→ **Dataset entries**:
text \<open>Near \<open>q0\<close>, the whole fibre lies in disjoint neighbourhoods \<open>V p\<close> of the points over \<open>q0\<close>
  (the image of the compact complement is closed), and \<open>V p\<close> contains exactly \<open>deg\<^sub>p f\<close>
  preimages, all of local degree 1 once the finitely many branch values are avoided.\<close>

lemma fibre_degree_locally_constant:
  assumes bc: "branched_covering f S T" and "compact S"
    and "Hausdorff_space (top_of_set S)" and HT: "Hausdorff_space (top_of_set T)"
    and "finite B" and unbranched: "\<forall>x\<in>S - B. local_degree f S T x = 1" and "q0 \<in> T"
  obtains G where "openin (top_of_set T) G" "q0 \<in> G" "\<forall>q\<in>G. fibre_degree f S T q = fibre_degree f S T q0"
proof -
  let ?P = "{x\<in>S. f x = q0}"
  obtain V where disjoint: "disjoint_family_on V ?P" and
    nbhds: "\<forall>p\<in>?P. openin (top_of_set S) (V p) \<and> p \<in> V p \<and> fibre_card_near f T (V p) q0 (local_degree f S T p)"
    by (rule branched_covering_fibre_nbhds[OF bc assms(2-4,7)])
  then have "\<forall>p\<in>?P. \<exists>G. openin (top_of_set T) G \<and> q0 \<in> G \<and>
       (\<forall>q\<in>G - {q0}. card {x\<in>V p. f x = q} = local_degree f S T p)"
    unfolding fibre_card_near_def by blast
  from bchoice[OF this] obtain G where "\<forall>p\<in>?P. openin (top_of_set T) (G p) \<and> q0 \<in> G p \<and>
       (\<forall>q\<in>G p - {q0}. card {x\<in>V p. f x = q} = local_degree f S T p)"
    by (elim exE) (rule that)
  with disjoint nbhds have V: "disjoint_family_on V ?P"
    "\<forall>p\<in>?P. openin (top_of_set S) (V p) \<and> p \<in> V p \<and> openin (top_of_set T) (G p) \<and> q0 \<in> G p \<and>
       (\<forall>q\<in>G p - {q0}. card {x\<in>V p. f x = q} = local_degree f S T p)"
    by blast+
  have finP: "finite ?P" using branched_covering_finite_fibre[OF bc] assms Hausdorff_imp_t1_space by blast
  define K where "K = S - (\<Union>p\<in>?P. V p)"
  have "openin (top_of_set S) (\<Union>p\<in>?P. V p)" using V(2) by blast
  then have "closedin (top_of_set S) K"
    unfolding K_def by (metis closedin_diff closedin_topspace topspace_euclidean_subtopology)
  then have closed_fK: "closedin (top_of_set T) (f ` K)"
    by (rule branched_covering_closedin_image[OF bc \<open>compact S\<close> HT])
  define FB where "FB = f ` (B \<inter> S) - {q0}"
  have "closedin (top_of_set T) FB"
    using bc \<open>finite B\<close> HT unfolding FB_def branched_covering_def by (auto intro!: closedin_Hausdorff_finite)
  define H where "H = (\<Inter>p\<in>?P. G p) \<inter> topspace (top_of_set T) - (f ` K \<union> FB)"
  have "openin (top_of_set T) H" unfolding H_def using finP V(2) closed_fK \<open>closedin (top_of_set T) FB\<close>
    by (intro openin_diff openin_INT closedin_Un) auto
  moreover have "q0 \<in> H" unfolding H_def K_def FB_def using V(2) \<open>q0 \<in> T\<close> by auto
  moreover have "fibre_degree f S T q = fibre_degree f S T q0" if "q \<in> H" "q \<noteq> q0" for q
  proof -
    have "q \<notin> f ` K" "q \<in> T" "q \<notin> FB" using that(1) unfolding H_def by auto
    moreover have "\<forall>p\<in>?P. V p \<subseteq> S" using V(2) openin_imp_subset by blast
    moreover have "finite {x\<in>S. f x = q}"
      using branched_covering_finite_fibre[OF bc \<open>compact S\<close> Hausdorff_imp_t1_space[OF HT]] \<open>q \<in> T\<close> .
    ultimately have "fibre_degree f S T q = (\<Sum>p\<in>?P. card {x\<in>V p. f x = q})"
      using finP V(1) unbranched that(2)
      by (intro fibre_degree_eq_sum_card) (auto simp: K_def FB_def)
    also have "\<dots> = fibre_degree f S T q0"
      unfolding fibre_degree_def using that V(2) unfolding H_def by (intro sum.cong) auto
    finally show ?thesis .
  qed
  ultimately show ?thesis using that by blast
qed

lemma fibre_degree_eq_bc_degree:
  assumes bc: "branched_covering f S T" and "compact S"
    and "Hausdorff_space (top_of_set S)" "Hausdorff_space (top_of_set T)"
    and "finite B" and unbranched: "\<forall>x\<in>S - B. local_degree f S T x = 1"
    and "connected T" "infinite T" "q \<in> T"
  shows "fibre_degree f S T q = bc_degree f S T"
proof -
  have connected_fibres: "fibre_degree f S T q = fibre_degree f S T q'" if "q' \<in> T" for q'
    using assms(7) \<open>q \<in> T\<close> that
  proof (rule connected_equivalence_relation[where R = "\<lambda>a b. fibre_degree f S T a = fibre_degree f S T b"])
    fix a assume "a \<in> T"
    then obtain G where "openin (top_of_set T) G" "a \<in> G" "\<forall>q\<in>G. fibre_degree f S T q = fibre_degree f S T a"
      by (rule fibre_degree_locally_constant[OF bc assms(2-6)])
    then show "\<exists>G. openin (top_of_set T) G \<and> a \<in> G \<and> (\<forall>x\<in>G. fibre_degree f S T a = fibre_degree f S T x)"
      by (metis (full_types))
  qed simp_all
  have "finite (f ` (B \<inter> S))" using \<open>finite B\<close> by simp
  then have "\<not> T \<subseteq> f ` (B \<inter> S)" using \<open>infinite T\<close> finite_subset by blast
  then obtain q1 where "q1 \<in> T" "q1 \<notin> f ` (B \<inter> S)" by blast
  then have "\<exists>q. q \<in> T \<and> \<not> critical_value f S T q"
    using unbranched unfolding critical_value_def by blast
  then obtain qs where qs: "qs = (SOME q. q \<in> T \<and> \<not> critical_value f S T q)"
    and regular: "qs \<in> T" "\<not> critical_value f S T qs"
    by (metis (mono_tags, lifting) someI_ex)
  have "fibre_degree f S T qs = card {x\<in>S. f x = qs}"
    using regular(2) unfolding critical_value_def by (intro fibre_degree_eq_card) auto
  also have "{x\<in>S. f x = qs} = S \<inter> f -` {qs}" by auto
  also have "card \<dots> = bc_degree f S T" unfolding bc_degree_def qs ..
  finally show ?thesis using connected_fibres[OF regular(1)] by simp
qed

lemma infinite_sphere_real3: "infinite (sphere (0::real^3) 1)"
proof
  assume "finite (sphere (0::real^3) 1)"
  moreover have "connected (sphere (0::real^3) 1)" by (rule connected_sphere) simp
  moreover have "axis 1 1 \<in> sphere (0::real^3) 1" "axis 2 1 \<in> sphere (0::real^3) 1" by simp_all
  moreover have "axis 1 1 \<noteq> (axis 2 1 :: real^3)" by (simp add: axis_eq_axis)
  ultimately show False using connected_finite_iff_sing by (metis empty_iff singletonD)
qed

lemma topological_2sphere_compact: "topological_2sphere S \<Longrightarrow> compact S"
  unfolding topological_2sphere_def using homeomorphic_compactness compact_sphere by blast

lemma topological_2sphere_connected: "topological_2sphere S \<Longrightarrow> connected S"
  unfolding topological_2sphere_def
  using homeomorphic_connectedness connected_sphere[of "0::real^3" 1] by auto

lemma topological_2sphere_infinite: "topological_2sphere S \<Longrightarrow> infinite S"
  unfolding topological_2sphere_def homeomorphic_def homeomorphism_def
  using infinite_sphere_real3 finite_imageI by metis

lemma topological_2sphere_Hausdorff:
  assumes "topological_2sphere S"
  shows "Hausdorff_space (top_of_set S)"
proof -
  obtain g h where "homeomorphism S (sphere (0::real^3) 1) g h"
    using assms unfolding topological_2sphere_def homeomorphic_def by blast
  then have "homeomorphic_maps (top_of_set S) (top_of_set (sphere (0::real^3) 1)) g h"
    unfolding homeomorphic_maps_def homeomorphism_def by (auto simp: Pi_iff)
  then show ?thesis
    using homeomorphic_Hausdorff_space Hausdorff_space_subtopology Hausdorff_space_euclidean
    unfolding homeomorphic_space_def by blast
qed

lemma covering_space_locally_injective:
  assumes "covering_space C f D" "openin (top_of_set S) C" "x \<in> C"
  obtains N where "openin (top_of_set S) N" "x \<in> N" "inj_on f N"
proof -
  obtain N U g where "x \<in> N" "openin (top_of_set C) N" "homeomorphism N U f g"
    using covering_space_local_homeomorphism[OF assms(1,3)] by metis
  then show ?thesis
    using that assms(2) openin_trans by (metis homeomorphism_apply1 inj_on_inverseI)
qed

lemma branched_covering_unbranched_off:
  assumes "branched_covering f S T" "covering_space (S - B) f D"
    and "finite B" "Hausdorff_space (top_of_set S)"
  shows "\<forall>x\<in>S - B. local_degree f S T x = 1"
proof
  fix x assume "x \<in> S - B"
  have "closedin (top_of_set S) (S \<inter> B)" using assms(3,4) by (simp add: closedin_Hausdorff_finite)
  then have "openin (top_of_set S) (topspace (top_of_set S) - S \<inter> B)" by (rule openin_diff[OF openin_topspace])
  moreover have "topspace (top_of_set S) - S \<inter> B = S - B" by auto
  ultimately have "openin (top_of_set S) (S - B)" by simp
  then obtain N where "openin (top_of_set S) N" "x \<in> N" "inj_on f N"
    using covering_space_locally_injective[OF assms(2)] \<open>x \<in> S - B\<close> by blast
  then show "local_degree f S T x = 1" using branched_covering_local_degree_eq_1[OF assms(1)] by blast
qed

lemma is_tree_finite_edges: "is_tree V E \<Longrightarrow> finite E"
  unfolding is_tree_def by (metis Pow_iff finite_Pow_iff finite_subset subsetI)

lemma leaf_edges_at:
  assumes "v \<in> leaves V E"
  shows "edges_at E v = {THE e. e \<in> edges_at E v}"
proof -
  have "card (edges_at E v) = 1" using assms by (simp add: leaves_def valence_def)
  then obtain e where "edges_at E v = {e}" by (rule card_1_singletonE)
  then show ?thesis by simp
qed

lemma sum_edges_over_edge_by_endpoint:
  assumes "finite V" "finite E" "\<forall>e'\<in>E. e' \<subseteq> V \<and> inj_on F e'" "v \<in> e"
  shows "(\<Sum>e'\<in>{e'\<in>E. F ` e' = e}. g e') = (\<Sum>v'\<in>{v'\<in>V. F v' = v}. \<Sum>e'\<in>{e'\<in>edges_at E v'. F ` e' = e}. g e')"
proof -
  have "{e'\<in>E. F ` e' = e} = (\<Union>v'\<in>{v'\<in>V. F v' = v}. {e'\<in>edges_at E v'. F ` e' = e})"
    using assms(3,4) by (auto simp: edges_at_def)
  moreover have "{e'\<in>edges_at E v'. F ` e' = e} \<inter> {e'\<in>edges_at E v''. F ` e' = e} = {}"
    if "F v' = v" "F v'' = v" "v' \<noteq> v''" for v' v''
    using assms(3) that by (auto simp: edges_at_def inj_on_def)
  ultimately show ?thesis
    using assms(1,2) by (simp add: sum.UNION_disjoint edges_at_def)
qed

context
  fixes VY :: "'v set" and EY :: "'v set set" and Y :: "'v set"
    and SY :: "'v \<Rightarrow> 'a::topological_space set" and iY :: "'v \<Rightarrow> 'v set \<Rightarrow> 'a"
    and VZ :: "'w set" and EZ :: "'w set set" and Z :: "'w set"
    and SZ :: "'w \<Rightarrow> 'b::topological_space set" and iZ :: "'w \<Rightarrow> 'w set \<Rightarrow> 'b"
    and F :: "'v \<Rightarrow> 'w" and f :: "'v \<Rightarrow> 'a \<Rightarrow> 'b"
  assumes cover: "tree_cover VY EY Y SY iY VZ EZ Z SZ iZ F f"
begin

lemma tree_cover_trees: "is_tree VY EY" "is_tree VZ EZ"
  using cover by (simp_all add: tree_cover_def tree_of_spheres_def marked_tree_def)

lemma tree_cover_inj_on_edge:
  assumes "e' \<in> EY"
  shows "inj_on F e'"
proof (rule eq_card_imp_inj_on)
  have "F ` e' \<in> EZ" using cover assms by (simp add: tree_cover_def)
  then show "card (F ` e') = card e'"
    using tree_cover_trees assms unfolding is_tree_def by simp
  show "finite e'" using tree_cover_trees assms unfolding is_tree_def by (metis card.infinite zero_neq_numeral)
qed

lemma tree_cover_leaves: "F ` leaves VY EY \<subseteq> leaves VZ EZ"
  using cover by (simp add: tree_cover_def tree_of_spheres_def marked_tree_def)

lemma tree_cover_internal_vertices: "F ` internal_vertices VY EY \<subseteq> internal_vertices VZ EZ"
  using cover by (simp add: tree_cover_def)

lemma tree_cover_internal_preimage:
  "v' \<in> VY \<Longrightarrow> F v' \<in> internal_vertices VZ EZ \<Longrightarrow> v' \<in> internal_vertices VY EY"
  using tree_cover_leaves unfolding internal_vertices_def by blast

lemma tree_cover_leaf_preimage:
  "v' \<in> VY \<Longrightarrow> F v' \<notin> internal_vertices VZ EZ \<Longrightarrow> v' \<in> leaves VY EY"
  using tree_cover_internal_vertices unfolding internal_vertices_def by blast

→ **Directions for this task**: Can you repeat, word for word, every line above from the one containing "(top_of_set T) FB\<close>" down to the one containing "qed simp_all", including both?

→ **Response to the exercise**:
  have "openin (top_of_set T) H" unfolding H_def using finP V(2) closed_fK \<open>closedin (top_of_set T) FB\<close>
    by (intro openin_diff openin_INT closedin_Un) auto
  moreover have "q0 \<in> H" unfolding H_def K_def FB_def using V(2) \<open>q0 \<in> T\<close> by auto
  moreover have "fibre_degree f S T q = fibre_degree f S T q0" if "q \<in> H" "q \<noteq> q0" for q
  proof -
    have "q \<notin> f ` K" "q \<in> T" "q \<notin> FB" using that(1) unfolding H_def by auto
    moreover have "\<forall>p\<in>?P. V p \<subseteq> S" using V(2) openin_imp_subset by blast
    moreover have "finite {x\<in>S. f x = q}"
      using branched_covering_finite_fibre[OF bc \<open>compact S\<close> Hausdorff_imp_t1_space[OF HT]] \<open>q \<in> T\<close> .
    ultimately have "fibre_degree f S T q = (\<Sum>p\<in>?P. card {x\<in>V p. f x = q})"
      using finP V(1) unbranched that(2)
      by (intro fibre_degree_eq_sum_card) (auto simp: K_def FB_def)
    also have "\<dots> = fibre_degree f S T q0"
      unfolding fibre_degree_def using that V(2) unfolding H_def by (intro sum.cong) auto
    finally show ?thesis .
  qed
  ultimately show ?thesis using that by blast
qed

lemma fibre_degree_eq_bc_degree:
  assumes bc: "branched_covering f S T" and "compact S"
    and "Hausdorff_space (top_of_set S)" "Hausdorff_space (top_of_set T)"
    and "finite B" and unbranched: "\<forall>x\<in>S - B. local_degree f S T x = 1"
    and "connected T" "infinite T" "q \<in> T"
  shows "fibre_degree f S T q = bc_degree f S T"
proof -
  have connected_fibres: "fibre_degree f S T q = fibre_degree f S T q'" if "q' \<in> T" for q'
    using assms(7) \<open>q \<in> T\<close> that
  proof (rule connected_equivalence_relation[where R = "\<lambda>a b. fibre_degree f S T a = fibre_degree f S T b"])
    fix a assume "a \<in> T"
    then obtain G where "openin (top_of_set T) G" "a \<in> G" "\<forall>q\<in>G. fibre_degree f S T q = fibre_degree f S T a"
      by (rule fibre_degree_locally_constant[OF bc assms(2-6)])
    then show "\<exists>G. openin (top_of_set T) G \<and> a \<in> G \<and> (\<forall>x\<in>G. fibre_degree f S T a = fibre_degree f S T x)"
      by (metis (full_types))
  qed simp_all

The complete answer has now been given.